#### EXERCISE
Locate the line that contains "define n where" in the entries below, then repeat it and every following line through the line that contains "define fun_of where", exactly, and no others.

#### AVAILABLE DATA
(* For any metrized graph $\Gamma$ with $v$ vertices, $$Kf(\Gamma) \leq \frac{v^2}{4}\, y(\Gamma).$$
   Context: A metrized graph $\Gamma$ is a finite connected graph (multiple edges and self-loops allowed) each of whose edges is identified with a closed segment of positive length, with a finite nonempty vertex set $V(\Gamma)$ containing every point of valence $\neq2$; $v=\#V(\Gamma)$, $L_i$ the length of $e_i$, $r$ the effective resistance (edges as resistors of resistance equal to length). $Kf(\Gamma)=\frac12\sum_{p,q\in V(\Gamma)}r(p,q)$. For an edge $e_i$ with end points $p_i,q_i$: if $\Gamma-e_i$ (interior deleted) is connected, $R_i$ is the effective resistance between $p_i,q_i$ in $\Gamma-e_i$, $R_{a_i,p}=\hat j_{p_i}(p,q_i)$, $R_{b_i,p}=\hat j_{q_i}(p,p_i)$ with $\hat j_z(x,y)$ the voltage function of $\Gamma-e_i$ (potential at $x$ when unit current enters at $y$ and exits at $z$, potential $0$ at $z$); if $e_i$ is a bridge, $R_{a_i,p}=0,R_{b_i,p}=R_i$ for $p$ in the component of $\Gamma-e_i$ containing $p_i$ and $R_{a_i,p}=R_i,R_{b_i,p}=0$ otherwise, with every expression in $R_i$ interpreted as its limit as $R_i\to\infty$; for a self-loop $R_i=0$. For a fixed vertex $p$ (independent of choice), $y(\Gamma)=\frac14\sum_{e_i}\frac{L_iR_i^2}{(L_i+R_i)^2}+\frac34\sum_{e_i}\frac{L_i(R_{a_i,p}-R_{b_i,p})^2}{(L_i+R_i)^2}$. *)

theory Defs
  imports Complex_Main
begin

text \<open>A metrized graph is presented combinatorially: a finite nonempty vertex set V,
  a finite set E of edge labels, each edge e having end points src e, tgt e in V
  (src e = tgt e for a self-loop; multiple edges allowed) and length len e > 0.
  Interior points of edges have valence 2, so every point of valence other than 2 lies in V.\<close>

definition edge_rel :: "'e set \<Rightarrow> ('e \<Rightarrow> 'v) \<Rightarrow> ('e \<Rightarrow> 'v) \<Rightarrow> ('v \<times> 'v) set" where
  "edge_rel E src tgt = {(src e, tgt e) | e. e \<in> E} \<union> {(tgt e, src e) | e. e \<in> E}"

definition connected_net :: "'v set \<Rightarrow> 'e set \<Rightarrow> ('e \<Rightarrow> 'v) \<Rightarrow> ('e \<Rightarrow> 'v) \<Rightarrow> bool" where
  "connected_net V E src tgt \<longleftrightarrow> (\<forall>x\<in>V. \<forall>y\<in>V. (x, y) \<in> (edge_rel E src tgt)\<^sup>*)"

definition metrized_graph ::
  "'v set \<Rightarrow> 'e set \<Rightarrow> ('e \<Rightarrow> 'v) \<Rightarrow> ('e \<Rightarrow> 'v) \<Rightarrow> ('e \<Rightarrow> real) \<Rightarrow> bool" where
  "metrized_graph V E src tgt len \<longleftrightarrow>
     finite V \<and> V \<noteq> {} \<and> finite E \<and>
     (\<forall>e\<in>E. src e \<in> V \<and> tgt e \<in> V \<and> len e > 0) \<and>
     connected_net V E src tgt"

text \<open>Kirchhoff conditions: f is the potential (supported on V) of the resistor network
  (edge e = resistor of resistance len e) when unit current enters at y and exits at z,
  normalised by f z = 0.\<close>

definition is_voltage ::
  "'v set \<Rightarrow> 'e set \<Rightarrow> ('e \<Rightarrow> 'v) \<Rightarrow> ('e \<Rightarrow> 'v) \<Rightarrow> ('e \<Rightarrow> real) \<Rightarrow> 'v \<Rightarrow> 'v \<Rightarrow> ('v \<Rightarrow> real) \<Rightarrow> bool" where
  "is_voltage V E src tgt len y z f \<longleftrightarrow>
     (\<forall>w. w \<notin> V \<longrightarrow> f w = 0) \<and> f z = 0 \<and>
     (\<forall>w\<in>V. (\<Sum>e\<in>E. (if src e = w then (f w - f (tgt e)) / len e else 0)
                   + (if tgt e = w then (f w - f (src e)) / len e else 0))
            = (if w = y then 1 else 0) - (if w = z then 1 else 0))"

text \<open>Voltage function j_z(x,y): potential at x when unit current enters at y and exits
  at z, with potential 0 at z.\<close>

definition voltage ::
  "'v set \<Rightarrow> 'e set \<Rightarrow> ('e \<Rightarrow> 'v) \<Rightarrow> ('e \<Rightarrow> 'v) \<Rightarrow> ('e \<Rightarrow> real) \<Rightarrow> 'v \<Rightarrow> 'v \<Rightarrow> 'v \<Rightarrow> real" where
  "voltage V E src tgt len z x y = (THE f. is_voltage V E src tgt len y z f) x"

definition eff_res ::
  "'v set \<Rightarrow> 'e set \<Rightarrow> ('e \<Rightarrow> 'v) \<Rightarrow> ('e \<Rightarrow> 'v) \<Rightarrow> ('e \<Rightarrow> real) \<Rightarrow> 'v \<Rightarrow> 'v \<Rightarrow> real" where
  "eff_res V E src tgt len x y = voltage V E src tgt len y x x"

definition kirchhoff_index ::
  "'v set \<Rightarrow> 'e set \<Rightarrow> ('e \<Rightarrow> 'v) \<Rightarrow> ('e \<Rightarrow> 'v) \<Rightarrow> ('e \<Rightarrow> real) \<Rightarrow> real" where
  "kirchhoff_index V E src tgt len =
     (1/2) * (\<Sum>p\<in>V. \<Sum>q\<in>V. eff_res V E src tgt len p q)"

text \<open>Summand of the first sum of y(Gamma) for edge e.  Gamma - e has vertex set V and
  edge set E - {e}.  For a bridge the expression is its limit as R_i \<rightarrow> \<infinity>.\<close>

definition y_term1 ::
  "'v set \<Rightarrow> 'e set \<Rightarrow> ('e \<Rightarrow> 'v) \<Rightarrow> ('e \<Rightarrow> 'v) \<Rightarrow> ('e \<Rightarrow> real) \<Rightarrow> 'e \<Rightarrow> real" where
  "y_term1 V E src tgt len e =
     (if connected_net V (E - {e}) src tgt then
        (let R = eff_res V (E - {e}) src tgt len (src e) (tgt e)
         in len e * R\<^sup>2 / (len e + R)\<^sup>2)
      else Lim at_top (\<lambda>R::real. len e * R\<^sup>2 / (len e + R)\<^sup>2))"

definition y_term2 ::
  "'v set \<Rightarrow> 'e set \<Rightarrow> ('e \<Rightarrow> 'v) \<Rightarrow> ('e \<Rightarrow> 'v) \<Rightarrow> ('e \<Rightarrow> real) \<Rightarrow> 'v \<Rightarrow> 'e \<Rightarrow> real" where
  "y_term2 V E src tgt len p e =
     (if connected_net V (E - {e}) src tgt then
        (let R = eff_res V (E - {e}) src tgt len (src e) (tgt e);
             Ra = voltage V (E - {e}) src tgt len (src e) p (tgt e);
             Rb = voltage V (E - {e}) src tgt len (tgt e) p (src e)
         in len e * (Ra - Rb)\<^sup>2 / (len e + R)\<^sup>2)
      else if (p, src e) \<in> (edge_rel (E - {e}) src tgt)\<^sup>*
      then Lim at_top (\<lambda>R::real. len e * (0 - R)\<^sup>2 / (len e + R)\<^sup>2)
      else Lim at_top (\<lambda>R::real. len e * (R - 0)\<^sup>2 / (len e + R)\<^sup>2))"

definition y_inv ::
  "'v set \<Rightarrow> 'e set \<Rightarrow> ('e \<Rightarrow> 'v) \<Rightarrow> ('e \<Rightarrow> 'v) \<Rightarrow> ('e \<Rightarrow> real) \<Rightarrow> 'v \<Rightarrow> real" where
  "y_inv V E src tgt len p =
     (1/4) * (\<Sum>e\<in>E. y_term1 V E src tgt len e)
     + (3/4) * (\<Sum>e\<in>E. y_term2 V E src tgt len p e)"

end

theory Submission
  imports Defs "Jordan_Normal_Form.Determinant"
begin

text \<open>For an edge e with end points a, b write s_e(p) = r(a,p) - r(b,p). The identity
  2 j_z(x,y) = r(x,z) + r(y,z) - r(x,y) turns the energy of the unit current from p to q into
  r(p,q) = \<Sum>_e (s_e(q) - s_e(p))^2 / (4 L_e). Summing over p and q and using
  \<Sum>_{p,q} (x_q - x_p)^2 \<le> 2 v \<Sum>_p x_p^2 for each edge gives Kf \<le> (v/4) \<Sum>_p E(p)
  with E(p) = \<Sum>_e s_e(p)^2 / L_e, and E(p) does not depend on p; so Kf \<le> v^2/4 E(p).
  Finally E(p) \<le> y(\<Gamma>) edge by edge: the unit current from a to b splits in parallel
  between e and \<Gamma> - e, so r(a,b) = L R / (L + R) and s_e(p) = L (R_a - R_b) / (L + R).
  Thus s_e(p)^2 / L_e is the e-summand of the second sum of y, and it is at most the
  e-summand of the first sum because |s_e(p)| \<le> r(a,b) by the maximum principle.
  For a bridge both summands equal L_e \<ge> s_e(p)^2 / L_e.\<close>

lemma square_mat_solvable_if_kernel_trivial:
  fixes A :: "'a :: field mat"
  assumes A: "A \<in> carrier_mat n n"
    and ker: "\<And>x. x \<in> carrier_vec n \<Longrightarrow> A *\<^sub>v x = 0\<^sub>v n \<Longrightarrow> x = 0\<^sub>v n"
    and b: "b \<in> carrier_vec n"
  shows "\<exists>x \<in> carrier_vec n. A *\<^sub>v x = b"
proof -
  have "det A \<noteq> 0"
    using det_0_iff_vec_prod_zero_field[OF A] ker by blast
  from det_non_zero_imp_unit[OF A this, of "()"]
  obtain B where B: "B \<in> carrier_mat n n" "A * B = 1\<^sub>m n"
    unfolding Units_def ring_mat_def by auto
  have "A *\<^sub>v (B *\<^sub>v b) = (A * B) *\<^sub>v b"
    using assoc_mult_mat_vec[OF A B(1) b] by simp
  also have "\<dots> = b" using B(2) b by simp
  finally show ?thesis using B(1) b by (intro bexI[of _ "B *\<^sub>v b"]) auto
qed

lemma additive_homogeneous_sum:
  fixes F :: "('v \<Rightarrow> real) \<Rightarrow> 'v \<Rightarrow> real" and n :: nat
  assumes add: "\<And>f g. F (\<lambda>w. f w + g w) = (\<lambda>w. F f w + F g w)"
    and scale: "\<And>c f. F (\<lambda>w. c * f w) = (\<lambda>w. c * F f w)"
  shows "F (\<lambda>w. \<Sum>j<n. c j * u j w) w = (\<Sum>j<n. c j * F (u j) w)"
proof (induction n)
  case 0
  show ?case using scale[of 0 "\<lambda>w. 0"] by simp
next
  case (Suc n)
  have "F (\<lambda>w. \<Sum>j<Suc n. c j * u j w) = F (\<lambda>w. (\<Sum>j<n. c j * u j w) + c n * u n w)"
    by simp
  also have "\<dots> = (\<lambda>w. F (\<lambda>w. \<Sum>j<n. c j * u j w) w + F (\<lambda>w. c n * u n w) w)"
    by (rule add)
  finally show ?case using Suc scale by simp
qed

lemma supported_linear_inj_imp_surj:
  fixes F :: "('v \<Rightarrow> real) \<Rightarrow> 'v \<Rightarrow> real"
  assumes fin: "finite V"
    and add: "\<And>f g. F (\<lambda>w. f w + g w) = (\<lambda>w. F f w + F g w)"
    and scale: "\<And>c f. F (\<lambda>w. c * f w) = (\<lambda>w. c * F f w)"
    and inj: "\<And>f. \<forall>w. w \<notin> V \<longrightarrow> f w = 0 \<Longrightarrow> \<forall>w\<in>V. F f w = 0 \<Longrightarrow> \<forall>w\<in>V. f w = 0"
  shows "\<exists>f. (\<forall>w. w \<notin> V \<longrightarrow> f w = 0) \<and> (\<forall>w\<in>V. F f w = g w)"
proof -
  define n where "n = card V"
  obtain \<nu> where \<nu>: "bij_betw \<nu> {0..<n} V"
    using ex_bij_betw_nat_finite[OF fin] n_def by blast
  define u where "u j = (\<lambda>w. if w = \<nu> j then 1 else (0::real))" for j
  define A where "A = mat n n (\<lambda>(i, j). F (u j) (\<nu> i))"
  define fun_of where "fun_of x = (\<lambda>w. \<Sum>j<n. x $ j * u j w)" for x :: "real vec"
  have A: "A \<in> carrier_mat n n" by (simp add: A_def)
  have fun_of_outside: "fun_of x w = 0" if "w \<notin> V" for x w
    using \<nu> that unfolding fun_of_def u_def bij_betw_def by (auto intro!: sum.neutral)
  have fun_of_\<nu>: "fun_of x (\<nu> j) = x $ j" if "j < n" for x j
  proof -
    have "fun_of x (\<nu> j) = (\<Sum>k<n. if k = j then x $ k else 0)"
      unfolding fun_of_def u_def
      using \<nu> that by (intro sum.cong) (auto simp: bij_betw_def inj_on_def)
    then show ?thesis using that by simp
  qed
  have A_mult: "(A *\<^sub>v x) $ i = F (fun_of x) (\<nu> i)" if "i < n" "x \<in> carrier_vec n" for x i
  proof -
    have "(A *\<^sub>v x) $ i = (\<Sum>j<n. x $ j * F (u j) (\<nu> i))"
      using that by (simp add: A_def scalar_prod_def lessThan_atLeast0 mult.commute)
    also have "\<dots> = F (fun_of x) (\<nu> i)"
      unfolding fun_of_def by (rule additive_homogeneous_sum[symmetric, OF add scale])
    finally show ?thesis .
  qed
  have kernel_trivial: "x = 0\<^sub>v n" if x: "x \<in> carrier_vec n" "A *\<^sub>v x = 0\<^sub>v n" for x
  proof -
    have "\<forall>w\<in>V. F (fun_of x) w = 0"
      using \<nu> A_mult[OF _ x(1)] x(2) unfolding bij_betw_def by (auto dest!: arg_cong[of _ _ "\<lambda>v. v $ _"])
    then have "\<forall>w\<in>V. fun_of x w = 0"
      using inj fun_of_outside by blast
    then show ?thesis
      using x(1) \<nu> fun_of_\<nu> by (intro eq_vecI) (auto simp: bij_betw_def)
  qed
  then obtain x where x: "x \<in> carrier_vec n" "A *\<^sub>v x = vec n (\<lambda>i. g (\<nu> i))"
    using square_mat_solvable_if_kernel_trivial[OF A kernel_trivial, of "vec n (\<lambda>i. g (\<nu> i))"]
    by auto
  then have "\<forall>w\<in>V. F (fun_of x) w = g w"
    using A_mult[OF _ x(1)] \<nu> unfolding bij_betw_def by force
  then show ?thesis using fun_of_outside by blast
qed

#### RESULT
  define n where "n = card V"
  obtain \<nu> where \<nu>: "bij_betw \<nu> {0..<n} V"
    using ex_bij_betw_nat_finite[OF fin] n_def by blast
  define u where "u j = (\<lambda>w. if w = \<nu> j then 1 else (0::real))" for j
  define A where "A = mat n n (\<lambda>(i, j). F (u j) (\<nu> i))"
  define fun_of where "fun_of x = (\<lambda>w. \<Sum>j<n. x $ j * u j w)" for x :: "real vec"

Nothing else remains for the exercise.